When I say a snapshot in time of your financial picture the moment before the debt is forgiven, what I'm referring to is the day before closing, for example. That's when you would want to do this calculation to get the most accurate snapshot in time of your financial picture of your insolvency to help shield you against that forgiven debt income.

Let's say, for example, your insolvency figure is $120,000. That means that your debts and liabilities exceed your assets by $120,000. We know that that amount will shield you against any forgiven debt income up to that figure. I set that number aside. Then again, in a separate calculation, the bank does the math for you, I get a 1099-C reflecting an amount of debt that's $115,000. Upon first blush, that looks like a pretty hefty tax bill, $115,000 of additional forgiven debt income, yikes.

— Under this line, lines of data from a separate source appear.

(* Let $R_4=\{a_1,a_2,b_1,b_2\}$ be the topological quandle with operations $a_i\triangleright a_j=a_i$, $b_i\triangleright b_j=b_i$, $a_i\triangleright b_j=a_{i+1}$, $b_i\triangleright a_j=b_{i+1}$, where subscripts are taken mod 2 so that $2+1$ means $1$. (This is the dihedral quandle of four elements.) Give $R_4$ the topology $\{\emptyset,\{a_1,a_2\},\{b_1,b_2\},R_4\}$. Then the first cohomology group $\bar{H}^{1}_{Q}(R_{4})=\mathbb{Z}^{4}$.
   Context: Setting: For a topological quandle $X$, $C_n(X)$ is the free abelian group generated by the singular $n$-simplices $\sigma:\Delta^n\to X$. We write $\sigma_{[x_1,\dots,x_{n+1}]}$ for a simplex whose $i$-th vertex maps to $x_i$. The boundary map is $\partial_n(\sigma_{[x_1,\dots,x_{n+1}]})=\sum_{i=2}^{n+1}(-1)^i(\sigma_{[x_1,\dots,\hat{x_i},\dots,x_{n+1}]}-\sigma_{[x_1\triangleright x_i,\dots,x_{i-1}\triangleright x_i,\hat{x_i},\dots,x_{n+1}]})$. $\bar{C}^R_n(X)$ is the quotient of $C_n(X)$ that identifies two $n$-simplices whenever they have the same vertices. $\bar{C}^D_n(X)$ is the subcomplex generated by the simplices $\sigma_{[x_1,\dots,x_{n+1}]}$ with $x_i=x_{i+1}$ for some $i$, for $n\ge1$; it is $0$ for $n=0$. Then $\bar{C}^Q_n(X)=\bar{C}^R_n(X)/\bar{C}^D_n(X)$. The group $\bar{H}^n_Q(X)$ is the $n$-th cohomology of $\mathrm{Hom}(\bar{C}^Q_*(X),\mathbb{Z})$. *)

theory Defs
  imports "HOL-Homology.Homology" "HOL-Algebra.Free_Abelian_Groups"
begin

definition simplex_vertex :: "nat \<Rightarrow> (nat \<Rightarrow> real)" where
  "simplex_vertex i = (\<lambda>j. if j = i then 1 else 0)"

definition vertex_tuple :: "nat \<Rightarrow> ((nat \<Rightarrow> real) \<Rightarrow> 'a) \<Rightarrow> 'a list" where
  "vertex_tuple n \<sigma> = map (\<lambda>i. \<sigma> (simplex_vertex i)) [0..<Suc n]"

text \<open>Generators of the quotient of C_n(X) identifying simplices with the same vertices:
  the vertex tuples of singular n-simplices.\<close>
definition RGen :: "nat \<Rightarrow> 'a topology \<Rightarrow> 'a list set" where
  "RGen n X = {vertex_tuple n \<sigma> | \<sigma>. singular_simplex n X \<sigma>}"

definition degenerate_tuple :: "'a list \<Rightarrow> bool" where
  "degenerate_tuple xs \<longleftrightarrow> (\<exists>i. Suc i < length xs \<and> xs ! i = xs ! Suc i)"

definition QGen :: "nat \<Rightarrow> 'a topology \<Rightarrow> 'a list set" where
  "QGen n X = {xs \<in> RGen n X. \<not> degenerate_tuple xs}"

text \<open>Hom of the free abelian group on QGen n X into Z = integer functions on the basis
  (extended by 0 outside).\<close>
definition QCochain :: "nat \<Rightarrow> 'a topology \<Rightarrow> ('a list \<Rightarrow> int) set" where
  "QCochain n X = {f. \<forall>xs. xs \<notin> QGen n X \<longrightarrow> f xs = 0}"

text \<open>Coboundary delta^n f = f o boundary_{n+1}, with the boundary map of the paper
  (paper index i = 2..n+2 corresponds to 0-based j = i-1 = 1..n+1).\<close>
definition qcobd :: "nat \<Rightarrow> 'a topology \<Rightarrow> ('a \<Rightarrow> 'a \<Rightarrow> 'a) \<Rightarrow> ('a list \<Rightarrow> int) \<Rightarrow> ('a list \<Rightarrow> int)" where
  "qcobd n X op f = (\<lambda>xs. if xs \<in> QGen (Suc n) X then
      (\<Sum>j\<in>{1..Suc n}. (-1) ^ (Suc j) *
         (f (take j xs @ drop (Suc j) xs)
          - f (map (\<lambda>x. op x (xs ! j)) (take j xs) @ drop (Suc j) xs)))
     else 0)"

definition QCocycles :: "nat \<Rightarrow> 'a topology \<Rightarrow> ('a \<Rightarrow> 'a \<Rightarrow> 'a) \<Rightarrow> ('a list \<Rightarrow> int) set" where
  "QCocycles n X op = {f \<in> QCochain n X. qcobd n X op f = (\<lambda>_. 0)}"

definition QCoboundaries :: "nat \<Rightarrow> 'a topology \<Rightarrow> ('a \<Rightarrow> 'a \<Rightarrow> 'a) \<Rightarrow> ('a list \<Rightarrow> int) set" where
  "QCoboundaries n X op =
     (if n = 0 then {\<lambda>_. 0} else qcobd (n - 1) X op ` QCochain (n - 1) X)"

definition cocycle_group :: "nat \<Rightarrow> 'a topology \<Rightarrow> ('a \<Rightarrow> 'a \<Rightarrow> 'a) \<Rightarrow> ('a list \<Rightarrow> int) monoid" where
  "cocycle_group n X op = \<lparr>carrier = QCocycles n X op, monoid.mult = (\<lambda>f g xs. f xs + g xs),
                           one = (\<lambda>_. 0)\<rparr>"

definition quandle_cohomology :: "nat \<Rightarrow> 'a topology \<Rightarrow> ('a \<Rightarrow> 'a \<Rightarrow> 'a) \<Rightarrow> ('a list \<Rightarrow> int) set monoid" where
  "quandle_cohomology n X op = cocycle_group n X op Mod QCoboundaries n X op"

datatype r4 = A1 | A2 | B1 | B2

fun r4_op :: "r4 \<Rightarrow> r4 \<Rightarrow> r4" where
  "r4_op A1 A1 = A1" | "r4_op A1 A2 = A1" | "r4_op A2 A1 = A2" | "r4_op A2 A2 = A2"
| "r4_op B1 B1 = B1" | "r4_op B1 B2 = B1" | "r4_op B2 B1 = B2" | "r4_op B2 B2 = B2"
| "r4_op A1 B1 = A2" | "r4_op A1 B2 = A2" | "r4_op A2 B1 = A1" | "r4_op A2 B2 = A1"
| "r4_op B1 A1 = B2" | "r4_op B1 A2 = B2" | "r4_op B2 A1 = B1" | "r4_op B2 A2 = B1"

definition R4_top :: "r4 topology" where
  "R4_top = topology (\<lambda>U. U \<in> {{}, {A1, A2}, {B1, B2}, UNIV})"

end

theory Submission
  imports Defs "HOL-Analysis.Abstract_Topological_Spaces"
begin

(* The sets {a_1, a_2} and {b_1, b_2} are clopen in R_4 and a singular simplex has connected
   image, so all vertices of a simplex lie in one of these two blocks. Inside a block the
   quandle operation is trivial (x acting on y gives x), so every term of the coboundary
   vanishes: all cochains are cocycles and all coboundaries are zero. Hence H^1_Q is the group
   of integer functions on the nondegenerate 1-simplices, which are exactly the four pairs
   (a_1,a_2), (a_2,a_1), (b_1,b_2), (b_2,b_1); each of them is realised by a singular 1-simplex
   because its two points are topologically indistinguishable. *)

lemma simplex_vertex_in_standard_simplex: "i \<le> n \<Longrightarrow> simplex_vertex i \<in> standard_simplex n"
  unfolding simplex_vertex_def standard_simplex_def by auto

lemma length_RGen: "xs \<in> RGen n X \<Longrightarrow> length xs = Suc n"
  by (auto simp: RGen_def vertex_tuple_def)

lemma RGen_clopen_cases:
  assumes "xs \<in> RGen n X" "closedin X C" "openin X C"
  shows "set xs \<subseteq> C \<or> disjnt (set xs) C"
proof -
  obtain \<sigma> where \<sigma>: "singular_simplex n X \<sigma>" and xs: "xs = vertex_tuple n \<sigma>"
    using assms(1) by (auto simp: RGen_def)
  have "connectedin X (\<sigma> ` standard_simplex n)"
    using \<sigma> connectedin_continuous_map_image connectedin_standard_simplex
    by (fastforce simp: singular_simplex_def connectedin_subtopology)
  then have "\<sigma> ` standard_simplex n \<subseteq> C \<or> disjnt (\<sigma> ` standard_simplex n) C"
    using assms(2,3) by (rule connectedin_clopen_cases)
  moreover have "set xs \<subseteq> \<sigma> ` standard_simplex n"
    by (auto simp: xs vertex_tuple_def simplex_vertex_in_standard_simplex)
  ultimately show ?thesis
    by (meson disjnt_subset1 subset_trans)
qed

lemma RGen_1_if_indistinguishable:
  assumes "x \<in> topspace X" "y \<in> topspace X" and indist: "\<And>U. openin X U \<Longrightarrow> x \<in> U \<longleftrightarrow> y \<in> U"
  shows "[x, y] \<in> RGen 1 X"
proof -
  define \<sigma> where "\<sigma> = restrict (\<lambda>p. if p 0 = 1 then x else y) (standard_simplex 1)"
  let ?S = "subtopology (powertop_real UNIV) (standard_simplex 1)"
  have "continuous_map ?S X \<sigma>"
    unfolding continuous_map_def
  proof (intro conjI allI impI)
    show "\<sigma> \<in> topspace ?S \<rightarrow> topspace X"
      using assms(1,2) by (simp add: \<sigma>_def)
    fix U assume "openin X U"
    then have "{p \<in> topspace ?S. \<sigma> p \<in> U} = {} \<or> {p \<in> topspace ?S. \<sigma> p \<in> U} = topspace ?S"
      using indist by (auto simp: \<sigma>_def)
    then show "openin ?S {p \<in> topspace ?S. \<sigma> p \<in> U}"
      by (elim disjE) (simp_all only: openin_empty openin_topspace)
  qed
  then have "singular_simplex 1 X \<sigma>"
    by (simp add: singular_simplex_def \<sigma>_def)
  moreover have "vertex_tuple 1 \<sigma> = [x, y]"
    by (simp add: vertex_tuple_def \<sigma>_def simplex_vertex_in_standard_simplex)
      (simp add: simplex_vertex_def)
  ultimately show ?thesis
    unfolding RGen_def by (metis (mono_tags, lifting) mem_Collect_eq)
qed

lemma degenerate_tuple_pair [simp]: "degenerate_tuple [x, y] \<longleftrightarrow> x = y"
  by (auto simp: degenerate_tuple_def less_Suc_eq)

lemma qcobd_add:
  "qcobd n X op (\<lambda>xs. f xs + g xs) = (\<lambda>xs. qcobd n X op f xs + qcobd n X op g xs)"
  by (auto simp: qcobd_def algebra_simps sum.distrib[symmetric] intro!: sum.cong)

lemma qcobd_uminus: "qcobd n X op (\<lambda>xs. - f xs) = (\<lambda>xs. - qcobd n X op f xs)"
  unfolding qcobd_def by (rule ext) (simp flip: sum_negf add: algebra_simps del: sum.cl_ivl_Suc)

lemma qcobd_zero: "qcobd n X op (\<lambda>_. 0) = (\<lambda>_. 0)"
  by (simp add: qcobd_def fun_eq_iff)

lemma group_cocycle_group: "group (cocycle_group n X op)"
proof (rule groupI)
  let ?G = "cocycle_group n X op"
  fix f g h
  show "\<one>\<^bsub>?G\<^esub> \<in> carrier ?G"
    by (simp add: cocycle_group_def QCocycles_def QCochain_def qcobd_zero)
  show "f \<otimes>\<^bsub>?G\<^esub> g \<in> carrier ?G" if "f \<in> carrier ?G" "g \<in> carrier ?G"
    using that by (simp add: cocycle_group_def QCocycles_def QCochain_def qcobd_add)
  show "f \<otimes>\<^bsub>?G\<^esub> g \<otimes>\<^bsub>?G\<^esub> h = f \<otimes>\<^bsub>?G\<^esub> (g \<otimes>\<^bsub>?G\<^esub> h)"
    by (simp add: cocycle_group_def add.assoc)
  show "\<one>\<^bsub>?G\<^esub> \<otimes>\<^bsub>?G\<^esub> f = f"
    by (simp add: cocycle_group_def)
  show "\<exists>g\<in>carrier ?G. g \<otimes>\<^bsub>?G\<^esub> f = \<one>\<^bsub>?G\<^esub>" if "f \<in> carrier ?G"
    using that
    by (intro bexI[of _ "\<lambda>xs. - f xs"])
      (auto simp: cocycle_group_def QCocycles_def QCochain_def qcobd_uminus fun_eq_iff)
qed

Not to worry, because in this particular instance, your insolvency figure exceeds the amount of forgiven debt. You have nothing to worry about. You are so insolvent that there's no realistic expectation on the part of the IRS that you should have to pay tax on that forgiven debt income of $115,000. You simply don't have the resources. You can't come up with the resources or the money to pay such a hefty tax bill on such a significant portion of forgiven debt income.

Washington is not a non-recourse state.

The reason this information is so critically important is because I can't tell you how often I get phone calls from misinformed homeowners who mistakenly believe that if they simply walk away from the property, there won't be any tax liability associated with the foreclosure. That simply isn't the case. They tell me, "Lambros, I know my rights, I know that Washington is a non-recourse state and I can walk away from this transaction scot-free."

I'm sorry, but that just simply isn't the case. It's simply not true. Washington is not a non-recourse state. What Washington does is it affords the lender the ability to non-judicially foreclose on its lien. By non-judicially foreclosing on that lien, the lender has effectively given up the right and decided to forego the ability to pursue the borrower for a deficiency balance. That act of non-judicial foreclosure in and of itself constitutes a taxable event resulting in forgiven debt income and possible tax liability.

Remember, in Washington state, the lender can always judicially foreclose thus preserving its right to pursue the borrower for a deficiency balance. By electing or choosing to non-judicially foreclose the bank is choosing to forgive that debt, and that may give rise to a tax liability. In many cases, that tax liability could be even higher because the amount of forgiven debt is greater. More forgiven debt, more cancellation of debt income, means a higher tax bill.

It is so important to understand the finer points of the potential tax implications of doing a short sale versus doing a foreclosure or a deed in lieu. 

Because in many cases you might actually be worse off doing a foreclosure than doing a short sale. By doing a short sale, you're putting the property on the market, you're getting the highest and best possible offer which reflects fair market value, thereby potentially reducing your overall tax liability.

Please, before deciding on whether to do a short sale or a foreclosure, consult a tax professional who can give you a better sense of your potential tax implications in each scenario.